After several days of denying media reports that he had posted the image, he admitted to having sent a link to the photo, and also other sexually explicit photos and messages to women both before and during his marriage. On June 16, 2011, Weiner announced his intention to resign from Congress with his official resignation occurring on June 23, 2011.
It was a hard lesson...It should have been...but in July of 2013, he demonstrated conclusively that he hadn't learned anything from it. That's right, he did it again, while he was running for mayor of NYC. A longshot, at best, he was just getting some momentum, when...he Tweeted himself out of contention with another selfie of his junk.
A second scandal began on July 23, 2013, after Weiner returned to politics in April 2013 by entering the New York City mayoral election, when more pictures and sexting by Weiner were released by the website The Dirty. They were allegedly sent under the alias 'Carlos Danger' to a 22-year-old woman with whom Weiner had contact in late 2012, and as late as April 2013, more than a year after Weiner had left Congress.
Carlos Danger? Seriously? I was - and still am - bummed that he didn't win. There's something irresistibly PIGish about a serial flasher becoming Mayor of New York.
Daniel Patrick Moynihan
A four-term U.S. Senator for New York, Moynihan was, despite being a Demoncrat, by and large, a rational adult. He was, we freely admit, a master of enlightening prose.
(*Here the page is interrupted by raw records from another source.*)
lemma E6_space_dual_basis:
  "\<exists>y\<in>E6_space. inner y E6_root1 = j1 \<and> inner y E6_root2 = j2 \<and> inner y E6_root3 = j3 \<and>
    inner y E6_root4 = j4 \<and> inner y E6_root5 = j5 \<and> inner y E6_root6 = j6"
proof -
  define y4 where "y4 = (j5 - j4) / 2"
  define y3 where "y3 = (j4 + j5) / 2"
  define y2 where "y2 = y3 + j3"
  define y1 where "y1 = y2 + j2"
  define y0 where "y0 = y1 + j1"
  define t where "t = (2 * j6 - (y0 + y1 + y2 + y3 + y4)) / 3"
  define y :: "real^8" where "y = (\<chi> i. if i = 0 then y0 else if i = 1 then y1 else if i = 2 then y2
    else if i = 3 then y3 else if i = 4 then y4 else t)"
  have "y$0 = y0" "y$1 = y1" "y$2 = y2" "y$3 = y3" "y$4 = y4" "y$5 = t" "y$6 = t" "y$7 = t"
    unfolding y_def by simp_all
  then show ?thesis
    unfolding inner_E6_roots E6_space_def
    by (intro bexI[of _ y]) (simp_all add: y0_def y1_def y2_def y3_def y4_def t_def field_simps)
qed

text \<open>The images of the basis of \<open>E6*\<close> dual to \<open>E6_root1, \<dots>, E6_root6\<close>, chosen in
  \<open>zero_sum_lattice\<close> with Gram matrix 9/2 times that of the dual basis.\<close>

definition E6_dual_coords_map ::
    "real \<Rightarrow> real \<Rightarrow> real \<Rightarrow> real \<Rightarrow> real \<Rightarrow> real \<Rightarrow> complex^3" where
  "E6_dual_coords_map j1 j2 j3 j4 j5 j6 = theta *s vector
     [eis (- j1) (- j1 - j2 - j3 - j4 - j5 + j6),
      eis (- j1 - 2 * j2 - 2 * j3 - j4 - j5) (j3 + j5 - j6),
      eis (j3 + j4 + j5) (j3 + j4)]"

definition E6_embedding :: "real^8 \<Rightarrow> complex^3" where
  "E6_embedding y = E6_dual_coords_map (inner y E6_root1) (inner y E6_root2) (inner y E6_root3)
     (inner y E6_root4) (inner y E6_root5) (inner y E6_root6)"

lemma linear_E6_embedding: "linear E6_embedding"
proof (rule linearI)
  fix x y :: "real^8"
  show "E6_embedding (x + y) = E6_embedding x + E6_embedding y"
    by (simp add: E6_embedding_def E6_dual_coords_map_def vec_eq_iff forall_3 inner_add_left
        eis_def algebra_simps)
next
  fix r and x :: "real^8"
  show "E6_embedding (r *\<^sub>R x) = r *\<^sub>R E6_embedding x"
    unfolding E6_embedding_def inner_scaleR_left vec_eq_iff forall_3 vector_scaleR_component
    by (simp add: E6_dual_coords_map_def scaleR_conv_of_real eis_def algebra_simps)
qed

lemma inner_E6_embedding:
  assumes "x \<in> E6_space" "y \<in> E6_space"
  shows "inner (E6_embedding x) (E6_embedding y) = 9/2 * inner x y"
proof -
  have "x$6 = x$5" "x$7 = x$5" "y$6 = y$5" "y$7 = y$5"
    using assms by (auto simp: E6_space_def)
  then show ?thesis
    unfolding E6_embedding_def inner_E6_roots
    unfolding E6_dual_coords_map_def inner_vec_def sum_3 sum_8 vector_3
      vector_smult_component inner_theta_mult inner_eis inner_real_def
    by (simp add: field_simps)
qed

lemma E6_dual_coords_map_of_int_in_zero_sum_lattice:
  "E6_dual_coords_map (of_int j1) (of_int j2) (of_int j3) (of_int j4) (of_int j5) (of_int j6)
    \<in> zero_sum_lattice"
proof -
  have "E6_dual_coords_map (of_int j1) (of_int j2) (of_int j3) (of_int j4) (of_int j5) (of_int j6) =
    theta *s vector
     [eis (of_int (- j1)) (of_int (- j1 - j2 - j3 - j4 - j5 + j6)),
      eis (of_int (- j1 - 2 * j2 - 2 * j3 - j4 - j5)) (of_int (j3 + j5 - j6)),
      eis (of_int (j3 + j4 + j5)) (of_int (j3 + j4))]"
    unfolding E6_dual_coords_map_def by simp
  moreover have "3 dvd (- j1 + (- j1 - j2 - j3 - j4 - j5 + j6) + (- j1 - 2 * j2 - 2 * j3 - j4 - j5) +
      (j3 + j5 - j6) + (j3 + j4 + j5) + (j3 + j4))"
    by presburger
  ultimately show ?thesis
    unfolding zero_sum_lattice_iff by blast
qed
Here are a few Daniel Patrick Moynihan Quotes:
Everyone is entitled to his own opinion, but not his own facts.
Somehow liberals have been unable to acquire from life what conservatives seem to be endowed with at birth: namely, a healthy skepticism of the powers of government agencies to do good.
The liberal left can be as rigid and destructive as any force in American life.
The single most exciting thing you encounter in government is competence, because it's so rare.
The great corporations of this country were not founded by ordinary people. They were founded by people with extraordinary intelligence, ambition, and aggressiveness.
They don't make them like that, anymore, but if they did, the Marxist Jackass Party wouldn't elect him.
When one of the few rational adults in the Jackass Party gives up his seat in the U.S. Senate, how do voters replace him? If you're an Empire State chad puncher, you plunge into the very bowels of Hell to put a militantly Marxist bitch named Hillary Clinton in Moynihan's vacated Senate seat.
I barely scratched the surface, and it's already time to wrap this up. I guess Coleman Young, who put the Motor City on the fast track to destruction, and Jerry Brown, who did the same thing to Mexifornia, will have to wait for Part II. The same is true of the likes of Chuck Schumer, Nancy Pelosi, Harry Reid, Juan McCain, Eric Holder, Al Franken, Joe Biden, John Edwards and too damn many others.
Thanks to an electorate which has been deliberately dumbed down, government - at all levels - has changed, for the worst. Not too long ago, government atoned for its sins against our liberty via the entertaining pratfalls perpetrated by Elected Tormentor clowns like Gary Hart, Bubba, Eliot Spitzer, Anthony (would you like to see my) Weiner, and Hank (Guam might capsize) Johnson, Jr.
Now, with a critical mass of assholes like Reid, Pelosi and McCain, there's nothing entertaining, or amusing, about the circle of Hell the Nanny State has become.
What can we do about this intolerable situation? I don't have any ready answers, so I'm open to your suggestions.